5. CNS Repair Mechanisms

The CNS, which includes the brain and spinal cord, is an exceptionally complex and sensitive structure responsible for regulating most bodily functions and mental processes. Unlike other tissues in the body, the CNS has limited capacity for self-repair following injury or disease [187]. However, recent advancements have revealed that the CNS does possess some repair mechanisms, although these are constrained. Two key processes involved in CNS repair are synaptogenesis, the creation of new synapses, and neural repair mechanisms [2]. These processes are critical for restoring function after injury, addressing neurodegenerative diseases, and preserving cognitive health.

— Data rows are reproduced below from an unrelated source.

(* There exists an online adaptive algorithm that, given an uncertainty matroid $\mathcal{M}$ with uniform query costs and a minimum-weight basis $B$ (with respect to the unknown weights $w$) that can be verified by a minimum-cardinality certificate $Q^*$ of $\mathcal{M}$, queries a set $Q$ with $|Q|\le 2|Q^*|$ that is a certificate verifying $B$.
   Context: A weighted uncertainty matroid $\mathcal{M}=(E,\mathcal{I},A,w)$ consists of a matroid $M=(E,\mathcal{I})$ on a finite set $E$, for each $e\in E$ a non-empty finite union $A_e$ of bounded real intervals (each open or closed), and a weight $w_e\in A_e$. A minimum-weight basis (MWB) is a basis minimizing total weight. A weight assignment is $w^*$ with $w^*_e\in A_e$, consistent with $Q$ if $w^*_e=w_e$ on $Q$. $Q$ verifies an MWB $B$ (is a certificate for $B$) if for every weight assignment consistent with $Q$, $B$ is an MWB with respect to it; a certificate for $\mathcal{M}$ is a set verifying some MWB, and a minimum-cardinality certificate is one of minimum size. In the online adaptive setting the algorithm knows $M$ and the areas $A_e$ but initially not the weights; querying an element $e$ reveals $w_e$ (at unit cost), and the algorithm chooses queries adaptively based on previously revealed weights; $Q$ denotes the set of queried elements. *)

theory Defs
  imports Complex_Main
begin
(* Let $A$ be a locally-complex Cayley--Dickson algebra, let $I\in A$ with $\mathrm{tr}(I)=0$ and $\mathrm{n}(I)=1$, and let $f(x)\in A[x]$. Then for every $\lambda\in\mathbb{C}_I$ we have $f_I(\lambda)\in\mathbb{C}_I$ and $f_I^{\perp}(\lambda)\in\mathbb{C}_I^{\perp}$. Consequently, for $\lambda\in\mathbb{C}_I$, $f(\lambda)=0$ if and only if $f_I(\lambda)=f_I^{\perp}(\lambda)=0$.
   Context: Real Cayley--Dickson algebras: $A_0=\mathbb{R}$ with identity involution, $A_{k+1}=A_k\{\gamma_k\}=A_k\times A_k$ with product $(a,b)(c,d)=(ac+\gamma_k\bar d b,\ da+b\bar c)$ and involution $\overline{(a,b)}=(\bar a,-b)$. A real unital algebra is locally-complex if every non-real element generates a subalgebra isomorphic to $\mathbb{C}$ (for Cayley--Dickson algebras: all $\gamma_k=-1$ up to isomorphism). Trace $\mathrm{tr}(\lambda)=\lambda+\bar\lambda\in\mathbb{R}$, norm $\mathrm{n}(\lambda)=\bar\lambda\lambda\in\mathbb{R}$; $\langle\cdot,\cdot\rangle$ is the symmetric bilinear form with $\langle a,a\rangle=\mathrm{n}(a)$ (the Euclidean inner product). For $I$ with trace $0$ and norm $1$, $\mathbb{C}_I=\mathbb{R}+\mathbb{R}I\cong\mathbb{C}$, $\mathbb{C}_I^\perp=\{a\in A:\langle a,b\rangle=0\ \forall b\in\mathbb{C}_I\}$, and $\pi_I:A\to\mathbb{C}_I$ is the orthogonal projection. $A[x]=A\otimes_{\mathbb{R}}\mathbb{R}[x]$ with central $x$; for $f(x)=\sum_k a_kx^k$ put $f_I(x)=\sum_k\pi_I(a_k)x^k$ and $f_I^\perp(x)=\sum_k(a_k-\pi_I(a_k))x^k$, so $f=f_I+f_I^\perp$; substitution $f(r)=\sum_k a_k(r^k)$. *)

theory Defs
  imports Main Complex_Main
begin

text \<open>Real Cayley--Dickson algebras A_n with all gamma_k = -1 (the locally-complex ones).
  An element of A_n is a binary tree of depth n with real leaves:
  A_0 = R (leaf CR r), A_(k+1) = A_k x A_k (node CP a b).\<close>

datatype cd = CR real | CP cd cd

fun cd_wf :: "nat \<Rightarrow> cd \<Rightarrow> bool" where
  "cd_wf 0 x = (case x of CR _ \<Rightarrow> True | CP _ _ \<Rightarrow> False)"
| "cd_wf (Suc n) x = (case x of CR _ \<Rightarrow> False | CP a b \<Rightarrow> cd_wf n a \<and> cd_wf n b)"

5.1. Formation of New Synapses

Synaptogenesis, the process of forming new synapses, is essential for supporting learning, memory, and recovery after injury in the CNS [188,189]. While synaptogenesis occurs throughout life, it is most pronounced during early development as the brain rapidly establishes neural circuits [189,190]. In adulthood, the process is more limited but can be reactivated in response to injury, learning, or environmental stimuli. It is a key aspect of neuroplasticity, which enables the brain to reorganize by forming new neural connections. This plasticity involves the growth of dendritic spines and the creation of new synaptic contacts, with synaptic strength shaped by experience [189]. Several molecular signals, including BDNFs, are crucial for promoting synapse growth and differentiation, while neuroligins and neurexins ensure proper synaptic function by mediating the adhesion and alignment of pre- and post-synaptic neurons [191,192].
Glial cells, especially astrocytes and microglia, also play roles in synaptogenesis, with astrocytes releasing factors that encourage synapse formation and microglia pruning unnecessary or dysfunctional synapses to refine neural circuits [193]. External factors, such as physical exercise, cognitive training, and enriched environments, further enhance synaptogenesis by increasing neuronal activity and stimulating the release of growth factors, thereby promoting a conducive environment for new synapse formation [194,195]. In the aftermath of CNS injuries like stroke or traumatic brain injury, synaptogenesis plays a crucial role in recovery [196]. Damaged neurons attempt to rebuild connections by forming new synapses, a process referred to as reactive synaptogenesis [189]. However, this process is often incomplete or inefficient, leading to ongoing functional impairments. Enhancing synaptogenesis through therapeutic strategies such as pharmacological interventions or neuromodulation presents a promising avenue for improving recovery outcomes.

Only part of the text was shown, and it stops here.